Wednesday, October 29, 2008

David Sedaris @ SF Opera House


There is one category of literature that has always escaped my appreciation -- the humorous memoir. I just don't "get it." Maybe it's presumptuous of me, but it's never seemed like much of an accomplishment to set one's absurd stories down on paper and trumpet them as somehow more compelling than (say) the absurd stories you hear every day from everyone that you know. I hear a lot of good stories day in and day out; my attitude is that you'd better have some damn good stories to justify my shelling out bucks when I've got plenty of friends and acquaintances who can regale me with entertaining stories for free.

David Sedaris is the bestselling memoir author whose wit has been compared to Mark Twain. Now, that's some f---in' praise you don't want to be throwing around lightly. After all, Twain is the guy who wrote, "Clothes make the man; naked people have little or no influence on society.")
I've heard Sedaris read numerous times on NPR and never really got much out of his stories; he always seemed more like Jerry Seinfeld than Mark Twain..."observational" humor about the foibles of family and friends. Sedaris adds florid language to Seinfeld's mundane insights, and the result is a literary elevation of Jerry's episode-intro sketches. But that's just one man's opinion; the fact is, Sedaris sells more books than just about anyone other than Oprah Winfrey, and lots of my friends swear by him.

So I finally took the opportunity to see one of his live performances at the Opera House, where he read a series of essays about mundane events that culminated in -- brace for it -- a lengthy description of a shopping trip he made to Costco.

In fact, I thought it was telling that the funniest bits of his performance were his re-tellings of jokes other people had told him. (Like the couple he met on a book tour, a Hindu man and his Jewish wife, who joyfully declared that they were "the Hin-jews.")

That's good stuff.

But maybe I'm just a playa-hater...I may well be the one NPR-listener in America who just doesn't get it.

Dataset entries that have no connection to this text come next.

(* Let $m\ge 2$ and $0\le c<1$, and consider the best-worst rule $s=(c,m)$. A profile $x=((x^1,n_1),\dots,(x^q,n_q))$ with $q\ge 2$ is a non-convergent Nash equilibrium if and only if all of the following hold, where $I^p:=\ell(I_1^R)$: (i) $n_i\le 2$ for all $i\in[q]$, and $n_1=n_q=2$; (ii) $\ell(I_q^L)=I^p$, and for every $1<i<q$ with $n_i=2$ we have $\ell(I_i^L)=\ell(I_i^R)=I^p$; (iii) $\ell(I_1^L)=\ell(I_q^R)=I^p+\frac{c}{2}$; (iv) for every $i$ with $n_i=1$: $\ell(I_i)\ge \ell(I_k^L)$ for all $k\neq 1$ and $\ell(I_i)\ge \ell(I_k^R)$ for all $k\ne q$; (v) $I^p\ge \ell(I_k^L)$ for all $k\ne 1$ and $I^p\ge \ell(I_k^R)$ for all $k\ne q$.
   Context: Setting: voters' ideal points are distributed uniformly (unit mass, Lebesgue measure) on $[0,1]$. There are $m$ candidates; a profile is $x=(x_1,\dots,x_m)\in[0,1]^m$. A voter with ideal point $y$ ranks candidates by distance $|x_i-y|$ (closer is better); ties are broken by a fair lottery (uniformly random strict order among tied candidates). Under the best-worst rule $s=(c,m)$ ($c\ge0$), a candidate receives $1$ point from each voter ranking her first, $-c$ from each voter ranking her last ($m$-th), and $0$ otherwise; $v_i(x)$ is candidate $i$'s expected total points. A (pure-strategy Nash) equilibrium is a profile $x^*$ with $v_i(x^* )\ge v_i(t,x^*_{-i})$ for all $i$ and $t\in[0,1]$ ($(t,x_{-i})$ is $x$ with $x_i$ replaced by $t$); it is non-convergent (NCNE) if at least two platforms are distinct. Notation: $[n]=\{1,\dots,n\}$. A profile determines its distinct occupied positions $x^1<x^2<\dots<x^q$, with $n_j$ the number of candidates at $x^j$; we write $x=((x^1,n_1),\dots,(x^q,n_q))$. For an interval $I=[a,b]$, $\ell(I)=b-a$. For $q\ge2$ the full-electorates are $I_1=[0,(x^1+x^2)/2]$, $I_i=[(x^{i-1}+x^i)/2,(x^i+x^{i+1})/2]$ for $2\le i\le q-1$, and $I_q=[(x^{q-1}+x^q)/2,1]$; the half-electorates are $I_i^L=\{y\in I_i: y\le x^i\}$ and $I_i^R=\{y\in I_i:y\ge x^i\}$. *)

theory Defs
  imports "HOL-Analysis.Analysis"
begin
(* Let $x_0\in(0,1)$ and let $a,b:[0,1]\to\mathbb R$ with $a(x_0)=b(x_0)=0$, $a,b>0$ on $[0,1]\setminus\{x_0\}$, and assume that either (1) $a,b\in W^{1,\infty}(0,1)$, or (2) $a,b\in W^{1,1}(0,1)$ and there exist $K_1,K_2,c_1,c_2>0$ with $K_1+K_2\ge1$, $|x-x_0|^{K_1}\ge c_1a(x)$ and $|x-x_0|^{K_2}\ge c_2b(x)$ for all $x\in[0,1]$. Then 1. $\frac{1}{ab}\notin L^1(0,1)$; 2. $u(x_0)=0$ for every $u\in\mathcal K_{a,b}$.
   Context: $L^2_{\frac1a}(0,1)=\{u\in L^2(0,1):\int_0^1u^2/a\,dx<\infty\}$. $\mathcal K_a$ denotes $L^2_{\frac1a}(0,1)\cap H^1_0(0,1)$ (Dirichlet case) or $L^2_{\frac1a}(0,1)\cap H^1(0,1)$ (Neumann case), and $\mathcal K_{a,b}=\{u\in\mathcal K_a: u/\sqrt{ab}\in L^2(0,1)\}$. The conclusion holds for either choice. *)

theory Defs
  imports "HOL-Analysis.Analysis"
begin

text \<open>Function spaces on the open interval (0,1), for real functions defined on all of R
  (values outside (0,1) are irrelevant). Elements of Sobolev spaces are identified with
  their continuous representative on [0,1], so that point values make sense.\<close>

definition L1 :: "(real \<Rightarrow> real) \<Rightarrow> bool" where
  "L1 f \<longleftrightarrow> set_integrable lborel {0<..<1::real} f"

definition L2 :: "(real \<Rightarrow> real) \<Rightarrow> bool" where
  "L2 f \<longleftrightarrow> set_borel_measurable lborel {0<..<1::real} f \<and>
                set_integrable lborel {0<..<1::real} (\<lambda>x. (f x)\<^sup>2)"

definition Linf :: "(real \<Rightarrow> real) \<Rightarrow> bool" where
  "Linf f \<longleftrightarrow> set_borel_measurable lborel {0<..<1::real} f \<and>
                (\<exists>C. AE x in lborel. x \<in> {0<..<1} \<longrightarrow> \<bar>f x\<bar> \<le> C)"
lemma threshold_disc_value_restart:
  assumes "0 < q" "0 < p" "p \<le> 1" "0 < b" "b < 1"
  shows "p * threshold_disc_value p q w lam b T (Job 0) + (1 - p) * threshold_disc_value p q w lam b T Empty
           = threshold_gain p q w lam b T / (1 - b)"
proof -
  define g where "g = threshold_gain p q w lam b T"
  define Z where "Z = g / (1 - b)"
  have "(1 - p) * g = p * threshold_value q w lam b g T 0"
    unfolding g_def using threshold_gain_consistent[of q b p w lam T] assms by simp
  moreover have "g = (1 - b) * Z" unfolding Z_def using assms by simp
  ultimately have "p * threshold_value q w lam b g T 0 = (1 - p) * (1 - b) * Z" by simp
  then show ?thesis
    unfolding threshold_disc_value_Job threshold_disc_value_Empty g_def[symmetric] Z_def[symmetric]
    by (simp add: algebra_simps)
qed

lemma threshold_disc_value_policy_eq:
  assumes q: "0 < q" "q \<le> 1" and p: "0 < p" "p \<le> 1" and b: "0 < b" "b < 1"
  shows "threshold_disc_value p q w lam b T s
           = action_value p q w lam b (threshold_disc_value p q w lam b T) s (threshold_policy T s)"
proof -
  define V where "V = threshold_disc_value p q w lam b T"
  define g where "g = threshold_gain p q w lam b T"
  define u where "u = threshold_value q w lam b g T"
  define Z where "Z = g / (1 - b)"
  have restart: "p * V (Job 0) + (1 - p) * V Empty = Z"
    unfolding V_def g_def Z_def using threshold_disc_value_restart assms by simp
  have VJ: "V (Job d) = u d + Z" for d
    unfolding V_def u_def g_def Z_def threshold_disc_value_Job ..
  have gZ: "g = (1 - b) * Z" unfolding Z_def using b by simp
  show ?thesis
  proof (cases s)
    case Empty
    have "action_value p q w lam b V Empty 0 = b * (p * V (Job 0) + (1 - p) * V Empty)"
      by (simp add: action_value_def cost_def expect_Empty algebra_simps)
    then show ?thesis
      unfolding Empty V_def[symmetric] restart
      by (simp add: V_def g_def Z_def threshold_policy_def threshold_disc_value_Empty)
  next
    case (Job d)
    show ?thesis
    proof (cases "T \<le> d")
      case True
      have "stop_rate q b \<noteq> 0" using stop_rate_pos[of q b] q b by simp
      then have "u d = w * real d + lam - g + b * (1 - q) * u (Suc d)"
        unfolding u_def by (rule threshold_value_active_step[OF _ True])
      then have "V (Job d) = action_value p q w lam b V (Job d) 0
                   + (lam + b * q * (p * V (Job 0) + (1 - p) * V Empty - V (Job (Suc d))))"
        unfolding restart unfolding action_value_Job_passive VJ gZ by (simp add: algebra_simps)
      then show ?thesis
        using True action_value_Job_diff[of p q w lam b V d]
        unfolding Job V_def[symmetric] by (simp add: threshold_policy_def)
    next
      case False
      then have "u d = w * real d - g + b * u (Suc d)"
        unfolding u_def by (intro threshold_value_passive_step) simp
      then show ?thesis
        unfolding Job V_def[symmetric] action_value_Job_passive VJ gZ
        by (simp add: threshold_policy_def False action_value_Job_passive VJ algebra_simps)
    qed
  qed
qed

lemma threshold_cost_nonneg:
  assumes "0 < q" "q \<le> 1" "0 \<le> b" "b \<le> 1" "0 \<le> w" "0 \<le> lam"
  shows "0 \<le> threshold_cost q w lam b T"
  unfolding threshold_cost_def using assms stop_rate_pos[of q b]
  by (intro add_nonneg_nonneg sum_nonneg mult_nonneg_nonneg divide_nonneg_pos) auto

lemma threshold_gain_nonneg:
  assumes "0 < q" "q \<le> 1" "0 < b" "b \<le> 1" "0 < p" "p \<le> 1" "0 \<le> w" "0 \<le> lam"
  shows "0 \<le> threshold_gain p q w lam b T"
  unfolding threshold_gain_def using assms gain_denom_pos[of q b p T] threshold_cost_nonneg[of q b w lam T]
  by (intro divide_nonneg_pos mult_nonneg_nonneg) auto

lemma threshold_disc_value_above:
  assumes "T \<le> d"
  shows "threshold_disc_value p q w lam b T (Job d)
           = w * real d / stop_rate q b + (lam - threshold_gain p q w lam b T) / stop_rate q b
             + w * (b * (1 - q)) / (stop_rate q b)\<^sup>2 + threshold_gain p q w lam b T / (1 - b)"
  using assms unfolding threshold_disc_value_Job threshold_value_def active_value_def
  by (simp add: add_divide_distrib diff_divide_distrib)
lemma quad_form_msum:
  assumes "\<And>i. i < n \<Longrightarrow> f i \<in> carrier_mat d d"
  shows "quad_form d (msum d n f) x = (\<Sum>i<n. quad_form d (f i) x)"
proof -
  have "quad_form d (msum d n f) x = (\<Sum>a<d. \<Sum>b<d. \<Sum>i<n. f i $$ (a,b) * x$b * cnj (x$a))"
    unfolding quad_form_def by (rule sum.cong, simp, rule sum.cong, simp,
        simp add: index_msum[OF assms] sum_distrib_right)
  also have "\<dots> = (\<Sum>i<n. quad_form d (f i) x)"
    unfolding quad_form_def by (subst sum.swap, subst (2) sum.swap, simp)
  finally show ?thesis .
qed

definition col_inner :: "nat \<Rightarrow> complex mat \<Rightarrow> complex vec \<Rightarrow> nat \<Rightarrow> complex" where
  "col_inner d K x j = (\<Sum>a<d. K $$ (a,j) * cnj (x$a))"

lemma quad_form_conj_diagm:
  assumes K: "K \<in> carrier_mat d d"
  shows "quad_form d (K * diagm d q * adj K) x =
    complex_of_real (\<Sum>j<d. q j * (cmod (col_inner d K x j))\<^sup>2)"
proof -
  have "quad_form d (K * diagm d q * adj K) x =
      (\<Sum>a<d. \<Sum>b<d. \<Sum>j<d. K $$ (a,j) * complex_of_real (q j) * cnj (K $$ (b,j)) * x$b * cnj (x$a))"
    unfolding quad_form_def by (rule sum.cong, simp, rule sum.cong, simp,
        simp add: index_conj_diagm[OF K] sum_distrib_right)
  also have "\<dots> = (\<Sum>j<d. \<Sum>a<d. \<Sum>b<d.
      complex_of_real (q j) * (K $$ (a,j) * cnj (x$a)) * (cnj (K $$ (b,j)) * x$b))"
    by (subst sum.swap, subst (2) sum.swap, rule sum.cong, simp, simp add: ac_simps)
  also have "\<dots> = (\<Sum>j<d. complex_of_real (q j) * (col_inner d K x j * cnj (col_inner d K x j)))"
    unfolding col_inner_def by (simp add: sum_distrib_left sum_distrib_right ac_simps)
  also have "\<dots> = complex_of_real (\<Sum>j<d. q j * (cmod (col_inner d K x j))\<^sup>2)"
    unfolding of_real_sum by (rule sum.cong, simp, metis complex_norm_square of_real_mult)
  finally show ?thesis .
qed
(* Let $\nu\ge1$, $d:\mathbb{Z}^\nu\to\mathbb{C}$ bounded, $J=J_0+D$ on $\ell^2(\mathbb{Z}^\nu)$. If $\Im(d(k))\to0$ as $\|k\|_1\to\infty$, then every boundary eigenvalue of $J$ is real.
   Context: $\|k\|_1=\sum_{j=1}^\nu|k_j|$. $J_0$ is the discrete Laplacian on $\ell^2(\mathbb{Z}^\nu)$: $(J_0u)(k)=\sum_{l\in\mathbb{Z}^\nu:\|l\|_1=1}u(k+l)$. $D$ is multiplication by $d$. The numerical range is $\operatorname{Num}(J)=\{\langle Ju,u\rangle:\|u\|=1\}$, and a boundary eigenvalue of $J$ is an eigenvalue of $J$ lying in the topological boundary of $\operatorname{Num}(J)$. *)

theory Defs
  imports "HOL-Analysis.Analysis"
begin

text \<open>Lattice points of Z^nu are modelled as int^'n with 'n a finite type, nu = CARD('n) >= 1.
  Vectors of l^2(Z^nu) are functions u :: int^'n => complex that are square summable.\<close>

definition norm1 :: "int ^ 'n \<Rightarrow> int" where
  "norm1 k = (\<Sum>j\<in>UNIV. \<bar>k $ j\<bar>)"

definition l2 :: "(int ^ 'n \<Rightarrow> complex) set" where
  "l2 = {u. (\<lambda>k. (cmod (u k))\<^sup>2) summable_on UNIV}"

definition l2_inner :: "(int ^ 'n \<Rightarrow> complex) \<Rightarrow> (int ^ 'n \<Rightarrow> complex) \<Rightarrow> complex" where
  "l2_inner u v = (\<Sum>\<^sub>\<infinity>k. u k * cnj (v k))"

definition l2_norm :: "(int ^ 'n \<Rightarrow> complex) \<Rightarrow> real" where
  "l2_norm u = sqrt (\<Sum>\<^sub>\<infinity>k. (cmod (u k))\<^sup>2)"

definition J0 :: "(int ^ 'n \<Rightarrow> complex) \<Rightarrow> (int ^ 'n \<Rightarrow> complex)" where
  "J0 u = (\<lambda>k. \<Sum>l\<in>{l. norm1 l = 1}. u (k + l))"

definition Jop :: "(int ^ 'n \<Rightarrow> complex) \<Rightarrow> (int ^ 'n \<Rightarrow> complex) \<Rightarrow> (int ^ 'n \<Rightarrow> complex)" where
  "Jop d u = (\<lambda>k. J0 u k + d k * u k)"

definition numerical_range :: "(int ^ 'n \<Rightarrow> complex) \<Rightarrow> complex set" where
  "numerical_range d = {l2_inner (Jop d u) u | u. u \<in> l2 \<and> l2_norm u = 1}"

definition is_eigenvalue :: "(int ^ 'n \<Rightarrow> complex) \<Rightarrow> complex \<Rightarrow> bool" where
  "is_eigenvalue d c \<longleftrightarrow> (\<exists>u\<in>l2. u \<noteq> (\<lambda>_. 0) \<and> Jop d u = (\<lambda>k. c * u k))"

definition boundary_eigenvalue :: "(int ^ 'n \<Rightarrow> complex) \<Rightarrow> complex \<Rightarrow> bool" where
  "boundary_eigenvalue d c \<longleftrightarrow> is_eigenvalue d c \<and> c \<in> frontier (numerical_range d)"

Wednesday, October 22, 2008

Adventures with Rob Baker

Photo essay time.

Rob T. Baker, Esquire: My old friend (and esteemed counsel for MGM) is a helluva guy from my brief tenure as an L.A. resident. In town for a Sigur Ros concert, Rob crashed with me for the weekend and we had a blast, drinking and eating our way through Berkeley and San Francisco. The photo below says it all about Rob -- this is not a posed shot, but rather a candid glimpse of an inspired guy making inspired points, his train of thought made somehow more commanding by the presence of an artfully gripped cigarette.



Speaking of Sigur Ros: I went to the show (at Berkeley's Greek Theatre) knowing nothing about the band. Here's what you need to know: They're from Iceland, and the singer sings in a falsetto in a gibberish language he invented himself...which he calls Hopelandic. With his usual gusto, Rob described their sound as "the lament of the sole Heaven's Gate eunuch who missed the Hale-Bopp comet." It was definitely a crazy show, but indisputably memorable, and it culminated in a beautiful crescendo that I happened to capture with my trusty iPhone camera:


...Noted in Berkeley:
It's been a while since I've had the pleasure of visiting Henry's bar (in the lobby of the Hotel Durant in Berkeley), so I took the opportunity of Rob's visit to drop in there. In my trip to the loo, I happened upon this wonderful Berkeley tribute to arch-rival Stanford:


The city:
This was some days later, during a quick detour off of the Bay Bridge onto Treasure Island. I got a view of San Francisco that I rarely get to appreciate and took the opportunity to frame an image of a city that never ceases to charm me. This is a place to be.

Sunday, October 5, 2008

New York and "Falling Man"


I landed in New York City last Wednesday evening, with just enough time to get to the W Hotel near Times Square and get a bite and a drink before bed. I was up at 7AM local (which was 4AM according to my nervous system) for a pair of business meetings and then caught a late-afternoon flight back to San Francisco. This is the fourth or fifth time I've made an overnight business trip to New York, with absolutely no time to see or do anything interesting in the city. In fact, the only reason I've been to the Empire State Building is because I was walking down the street between meetings and happened to look up and realize that I was standing right in front of it.

I usually come into Manhattan from JFK via the Williamsburg Bridge, which affords a sparkling view of the skyline where once I might have observed the twin towers.

They're gone now, of course. I never got a chance to see them. My first trip to New York wasn't until a few years after what Islamists euphemistically call "the planes operation."

I took a book along with me for the flight home, and the book was Don DeLillo's Falling Man, our greatest novelist's sad meditation on 9/11. I read it front to back over the course of the flight. As usual, the author casts no judgments about our times, offers no political opinion. He makes precise and haunting observations, and leaves it at that.

There won't ever be a time that I look out from the backseat of a cab traversing the Williamsburg Bridge at night to see the New York skyline lit up and don't imagine the towers, in the spot on the southwestern tip of the island where they once stood. There is a skyline in the mind that is more permanent.